« Ce n’est plus une rivière, c’est un nouveau chemin de randonnée ! » Depuis un mois, les curieux se promènent dans le lit totalement asséché du Doubs, entre Arçon et Morteau, deux bourgades de Franche-Comté distantes d’une vingtaine de kilomètres.
Dans cette région frontalière de la Suisse, la rivière a complètement disparu et la vallée pris des airs de canyon. Des poissons morts gisent sur les pierres et le sol craquelé.

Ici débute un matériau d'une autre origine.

text \<open>S2: additionally e2 e3 = e2, e3 e2 = - e2, e3 e3 = e1.\<close>
definition multS2 :: "complex \<times> complex \<times> complex \<Rightarrow> complex \<times> complex \<times> complex \<Rightarrow> complex \<times> complex \<times> complex" where
  "multS2 u v = (case u of (a1, a2, a3) \<Rightarrow> case v of (b1, b2, b3) \<Rightarrow>
      (a1 * b1 + a3 * b3, a1 * b2 + a2 * b1 + a2 * b3 - a3 * b2, a1 * b3 + a3 * b1))"

definition iso_inv_alg ::
  "(complex \<Rightarrow> 'a::ab_group_add \<Rightarrow> 'a) \<Rightarrow> ('a \<Rightarrow> 'a \<Rightarrow> 'a) \<Rightarrow> ('a \<Rightarrow> 'a) \<Rightarrow>
   (complex \<Rightarrow> 'b::ab_group_add \<Rightarrow> 'b) \<Rightarrow> ('b \<Rightarrow> 'b \<Rightarrow> 'b) \<Rightarrow> ('b \<Rightarrow> 'b) \<Rightarrow> ('a \<Rightarrow> 'b) \<Rightarrow> bool" where
  "iso_inv_alg sc m iv sc' m' iv' \<phi> \<longleftrightarrow> Vector_Spaces.linear sc sc' \<phi> \<and> bij \<phi> \<and>
     (\<forall>x y. \<phi> (m x y) = m' (\<phi> x) (\<phi> y)) \<and> (\<forall>x. \<phi> (iv x) = iv' (\<phi> x))"

end

theory Submission
  imports Defs
begin

text \<open>Let e be the unit. As the symmetric part is the line through e, there are skew s, t
  such that e, s, t is a basis. Then s s and t t are symmetric, hence multiples of e, and
  t s is the image of s t under the involution; so the algebra is determined by five numbers
  a, b, c, p, q with s s = a e, t t = c e, s t = b e + p s + q t. Evaluating the structurable
  identity on basis vectors forces a = q^2, b = - p q, c = p^2. If p = q = 0 this is S1;
  otherwise, for p \<beta> - q \<alpha> = 1, the basis e, p s + q t, \<alpha> s + \<beta> t exhibits S2.\<close>

definition structurable_identity :: "('a::ab_group_add \<Rightarrow> 'a \<Rightarrow> 'a) \<Rightarrow> ('a \<Rightarrow> 'a) \<Rightarrow> bool" where
  "structurable_identity m iv \<longleftrightarrow> (\<forall>x y z w.
     Top m iv z (Vop m iv x y w) - Vop m iv x y (Top m iv z w)
       = Vop m iv (Top m iv z x) y w - Vop m iv x (Top m iv (iv z) y) w)"
theorem lemma10:
  shows "\<exists>C::real. C > 0 \<and>
    (\<forall>s lam m a B :: nat. s \<ge> 1 \<and> lam \<ge> 1 \<and> B \<ge> lam \<longrightarrow>
       (\<exists>R f g. real R \<le> C * (real s + real m * real lam / real B)
                \<and> solves_broadcast s lam m a B R f g)
     \<and> (\<exists>R f g. real R \<le> C * (real s + (real m + real a) * real lam ^ 2 / real B)
                \<and> solves_Qmessage s lam m a B R f g))"
  using broadcast_solvable qmessage_solvable by (intro exI[of _ 8]) auto

end
(* Under the hypotheses and notation of the following setting: $M_1,M_2$ are commuting $2$-qubit Hermitian unitaries whose joint $+1$ eigenspace is spanned by the unit vector $\ket\psi$; $M_0=I\otimes I$, $M_3=M_1M_2$; $M_j=I\otimes N_{j0}+X\otimes N_{j1}+Y\otimes N_{j2}+Z\otimes N_{j3}$; $c_j=\tfrac12\operatorname{tr}(N_{j3})$; $p_\pm=\frac{1\pm(c_1+c_2+c_3)}{2}$. For a $2\times 2$ matrix $A$ let $A^\circ=A-\tfrac12\operatorname{tr}(A)I$ denote its traceless part, and define $$M_+=\frac{1}{2p_+}\sum_{j=1}^3\big(N_{j0}+N_{j3}\big)^\circ\ (\text{if }p_+>0),\qquad M_-=\frac{1}{2p_-}\sum_{j=1}^3\big(N_{j0}-N_{j3}\big)^\circ\ (\text{if }p_->0).$$ Then if the first qubit of $\ket\psi$ is measured in the computational basis and outcome $+1$ occurs, the post-measurement state is $\ket0\otimes\ket{\phi_+}$ with $\ket{\phi_+}\bra{\phi_+}=\tfrac12(I+M_+)$; if outcome $-1$ occurs, the post-measurement state is $\ket1\otimes\ket{\phi_-}$ with $\ket{\phi_-}\bra{\phi_-}=\tfrac12(I+M_-)$. In particular $M_\pm$ are Hermitian unitaries having $\ket{\phi_\pm}$ as $+1$ eigenvector.
   Context: $X,Y,Z$ are the Pauli matrices. The post-measurement state for outcome $+1$ is $(\ket0\bra0\otimes I)\ket\psi/\sqrt{p_+}$ and for outcome $-1$ is $(\ket1\bra1\otimes I)\ket\psi/\sqrt{p_-}$. *)

theory Defs
  imports "HOL-Analysis.Analysis"
begin

text \<open>One-qubit objects: vectors complex^2, matrices complex^2^2 (index 0 = |0>, 1 = |1>).
Two-qubit objects: index type 2 \<times> 2 (first component = first qubit).\<close>

type_synonym qmat1 = "complex^2^2"
type_synonym qvec1 = "complex^2"
type_synonym qmat2 = "complex^(2\<times>2)^(2\<times>2)"
type_synonym qvec2 = "complex^(2\<times>2)"

definition cadj :: "complex^'n^'m \<Rightarrow> complex^'m^'n" where
  "cadj A = (\<chi> i j. cnj (A $ j $ i))"

definition hermitian :: "complex^'n^'n \<Rightarrow> bool" where
  "hermitian A \<longleftrightarrow> cadj A = A"
lemma approx_F_lower_bound:
  assumes "r \<ge> 1" "0 < b" "b \<le> pi" "n \<ge> 1" "trig_poly n T"
    and "\<And>t. \<bar>t\<bar> \<le> b \<Longrightarrow> 0 \<le> t * (deriv ^^ Suc r) T t" "degree P \<le> r"
    and "\<And>x. \<bar>x\<bar> \<le> b \<Longrightarrow> \<bar>F r x + poly P x - T x\<bar> \<le> \<epsilon>"
  shows "(b / (4 * r)) ^ r \<le> 660 * 2 ^ (r + 1) * n * \<epsilon>"
proof -
  obtain k where r: "r = Suc k" using assms(1) by (cases r) auto
  have "kink_approx b (b / (4 * r)) \<epsilon> n k
      (\<lambda>j x. poly ((pderiv ^^ j) (P - monom (1 / fact r) r)) x - (deriv ^^ j) T x)
      (\<lambda>j x. poly ((pderiv ^^ j) (P + monom (1 / fact r) r)) x - (deriv ^^ j) T x)"
    using assms unfolding r by (intro kink_approx_branches) auto
  then show ?thesis using kink_approx.lower_bound unfolding r by fastforce
qed
text \<open>Both sides are the coefficients of power series in \<open>s\<close> with the sum \<open>hurwitz_zeta (k + 2) (1 - s)\<close>.\<close>
lemma harmonic_esym_hsym_series:
  "(\<lambda>n. esym (\<lambda>j. 1 / real j) k n * hsym (\<lambda>j. 1 / real j) l (Suc n) / (real (Suc n))\<^sup>2)
     sums (real ((k + 1 + l) choose l) * zeta_nat (l + k + 2))"
proof -
  define T where "T l = (\<Sum>n. esym (\<lambda>j. 1 / real j) k n * hsym (\<lambda>j. 1 / real j) l (Suc n) / (real (Suc n))\<^sup>2)" for l
  define C where "C l = real ((k + 1 + l) choose l) * zeta_nat (l + k + 2)" for l
  have "T j - C j = 0" for j
  proof (rule powser_coeffs_eq_0[of 1 "\<lambda>l. T l - C l"])
    fix s :: real assume s: "0 < s" "s < 1"
    show "(\<lambda>l. (T l - C l) * s ^ l) sums 0"
      using sums_diff[OF harmonic_esym_hsym_generating_function(2)[OF s, of k, folded T_def]
                         hurwitz_zeta_power_series[OF s, of k, folded C_def]]
      by (simp add: algebra_simps)
  qed simp
  then show ?thesis
    using summable_sums[OF harmonic_esym_hsym_generating_function(1)[of "1/2" k l]] by (simp add: T_def C_def)
qed

lemma gharm_eq_psum: "gharm i n = psum (\<lambda>j. 1 / real j) i n"
  by (simp add: gharm_def psum_def power_one_over)

theorem theorem4:
  fixes k l :: nat
  shows "(\<lambda>n. Qpoly l (\<lambda>i. gharm i (n + 1)) * Ppoly k (\<lambda>i. gharm i n) / (real (n + 1))\<^sup>2)
           sums (real ((l + k + 1) choose l) * zeta_nat (l + k + 2))"
  using harmonic_esym_hsym_series[of k l]
  by (simp add: gharm_eq_psum Qpoly_psum Ppoly_psum mult_ac add_ac)

end
(* For every single-player extensive-form game $\Gamma$, $\mathrm{VoR}^{\mathrm{SC}}(\Gamma)\ge1$ for each $\mathrm{SC}\in\{\mathrm{wCDTNash},\mathrm{bCDTNash},\mathrm{wEDTNash},\mathrm{bEDTNash}\}$.
   Context: A single-player extensive-form game consists of a finite rooted tree (nodes $\mathcal H$, leaves $\mathcal Z$, actions $A_h$), nonterminal nodes belonging to Player 1 or chance (fixed distributions), utility $u_1:\mathcal Z\to\mathbb R_{\ge0}$, and a partition $\mathcal I_1$ of Player 1's nodes into infosets with common action sets $A_I$. For a node $h$, $\mathrm{obs}(h)$ is the sequence of (player, infoset, action) along the root-to-$h$ path (excluding $h$), and $\mathrm{obs}_1(h)$ its restriction to Player 1's entries. $\mathrm{pr}_1(\Gamma)$ has the same tree and utilities with each $I\in\mathcal I_1$ partitioned by $h\sim h'\iff\mathrm{obs}_1(h)=\mathrm{obs}_1(h')$. A behavioral strategy $\pi$ assigns $\pi(\cdot\mid I)\in\Delta(A_I)$; $\mathbb P(h\mid\pi)$ is the reach probability; $U_1(\pi)=\sum_z\mathbb P(z\mid\pi)u_1(z)$; $\pi^{I\mapsto\sigma}$ plays $\sigma$ at $I$ and $\pi$ elsewhere. EDT equilibrium: $\pi(\cdot\mid I)\in\arg\max_\sigma U_1(\pi^{I\mapsto\sigma})$ for all $I$. CDT equilibrium: $\pi$ is a KKT point of maximizing $U_1$ over $\prod_I\Delta(A_I)$. Let $I^{\mathrm{1st}}$ be nodes $h\in I$ with $I$ not appearing in $\mathrm{obs}(h)$, $\mathbb P(I\mid\pi)=\sum_{h\in I^{\mathrm{1st}}}\mathbb P(h\mid\pi)$, $\mathrm{Fr}(I\mid\pi)=\sum_{h\in I}\mathbb P(h\mid\pi)$, $U_1^{\mathrm{CDT}}(\sigma\mid\pi,I)=U_1(\pi)+\sum_{a\in A_I}(\sigma(a)-\pi(a\mid I))\partial U_1(\pi)/\partial\pi(a\mid I)$. $\pi$ is EDT-rational (resp. CDT-rational) if there are fully mixed $\pi^{(k)}\to\pi$ and $\varepsilon^{(k)}>0$, $\varepsilon^{(k)}\to0$, such that for all $k$, all $I$ with $\mathbb P(I\mid\pi^{(k)})>0$ (resp. $\mathrm{Fr}(I\mid\pi^{(k)})>0$), and all $\sigma\in\Delta(A_I)$: $(U_1(\pi^{(k),I\mapsto\sigma})-U_1(\pi^{(k)}))/\mathbb P(I\mid\pi^{(k)})\le\varepsilon^{(k)}$ (resp. $(U_1^{\mathrm{CDT}}(\sigma\mid\pi^{(k)},I)-U_1(\pi^{(k)}))/\mathrm{Fr}(I\mid\pi^{(k)})\le\varepsilon^{(k)}$). An EDT-Nash (resp. CDT-Nash) equilibrium is an EDT (resp. CDT) equilibrium realization-equivalent (same reach probabilities at all nodes) to an EDT-rational (resp. CDT-rational) strategy. $u_1(\mathrm{bX}(\cdot))$ / $u_1(\mathrm{wX}(\cdot))$ is the max / min of $U_1$ over X equilibria; $\mathrm{VoR}^{\mathrm{SC}}(\Gamma)=u_1(\mathrm{SC}(\mathrm{pr}_1(\Gamma)))/u_1(\mathrm{SC}(\Gamma))$. *)

theory Defs
  imports Complex_Main
begin

text \<open>Nodes are histories (lists of actions)
  of a finite prefix-closed tree; the root is the empty history.\<close>

record 'a efg =
  H :: "'a list set"
  P1 :: "'a list set"
  chance :: "'a list \<Rightarrow> 'a \<Rightarrow> real"
  util :: "'a list \<Rightarrow> real"
  infosets :: "'a list set set"

definition acts :: "'a efg \<Rightarrow> 'a list \<Rightarrow> 'a set" where
  "acts G h = {a. h @ [a] \<in> H G}"

definition leaves :: "'a efg \<Rightarrow> 'a list set" where
  "leaves G = {h \<in> H G. acts G h = {}}"

definition chance_nodes :: "'a efg \<Rightarrow> 'a list set" where
  "chance_nodes G = H G - leaves G - P1 G"

definition simplex :: "'a set \<Rightarrow> ('a \<Rightarrow> real) set" where
  "simplex A = {\<sigma>. (\<forall>a\<in>A. 0 \<le> \<sigma> a) \<and> sum \<sigma> A = 1}"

« Je n’ai jamais vu ça. C’est triste pour l’écosystème. Et certains arrivent à dire qu’il n’y a pas de réchauffement climatique… », soupire Marielle, venue du Jura voisin visiter ses parents à Montbenoît. Au pied du village, le défilé d’Entre-Roches offre habituellement le spectacle grandiose de gorges verdoyantes. Mais il n’est plus que désolation. L’orage de mercredi a tout juste formé quelques flaques.
Pas exceptionnel mais plus fréquent
Une vision impressionnante mais pas sans précédent. « Je suis étonnée parce que les gens s’affolent mais la sécheresse n’a rien d’extraordinaire. En 2003, c’était pire », relève Dominique Mollier, maire de Villers-le-Lac.
D’ordinaire, des bateaux panoramiques partent du centre-ville pour faire visiter le Saut du Doubs aux touristes, une cascade de 27 mètres de haut. Aujourd’hui elle aussi est à sec. L’embarcadère a été déplacé vers les eaux plus profondes du lac Brenet.
Sur la place du village, à Ville-du-Pont, 300 âmes, le maire Jacques de Grimaldi discute avec les anciens. « Ce n’est pas exceptionnel », assure-t-il aussi, « mais d’année en année, on s’aperçoit que les échéances se rapprochent. Ça arrive plus régulièrement ».
Des failles existantes
La sécheresse n’est qu’une des explications du phénomène. « On a eu des crues exceptionnelles début et fin janvier. D’après les spécialistes, ça a balayé les galets de la rivière et ça a découvert des failles qui existaient déjà », explique le maire. Des margelles ont été installées pour permettre à l’eau, quand elle reviendra, de poursuivre son chemin sans s’engouffrer dans ces failles qui alimentent la Loue, un petit cours d’eau.
Jacques de Grimaldi s’inquiète pour l’approvisionnement en eau potable des habitants du Haut-Doubs, qui connaît une croissance démographique de 5% par an, profitant de sa proximité avec la Suisse.
« Six villages sont alimentés par des camions citernes », explique Philippe Alpy, le président du syndicat mixte des milieux aquatiques du Haut-Doubs. Le secteur de Pontarlier dépend surtout de la réserve du lac de Saint-Point mais les lâchers d’eau pour réalimenter le Doubs n’ont pas eu d’effets.
« On est à la merci de l’érosion sur notre sol karstique (paysage tourmenté, présentant de nombreuses cavités, NDLR). Plutôt que de mettre la tête dans le sable, il faudrait peut-être sensibiliser les populations à une meilleure utilisation de l’eau », souligne-t-il.
Le 12 juillet, la préfecture du Doubs a pris un arrêté de restriction des usages de l’eau. Le département a été placé en alerte renforcée. Et une étude sera lancée à l’automne pour envisager des travaux d’aménagement du lit du Doubs. Ses conclusions sont attendues dans deux ans.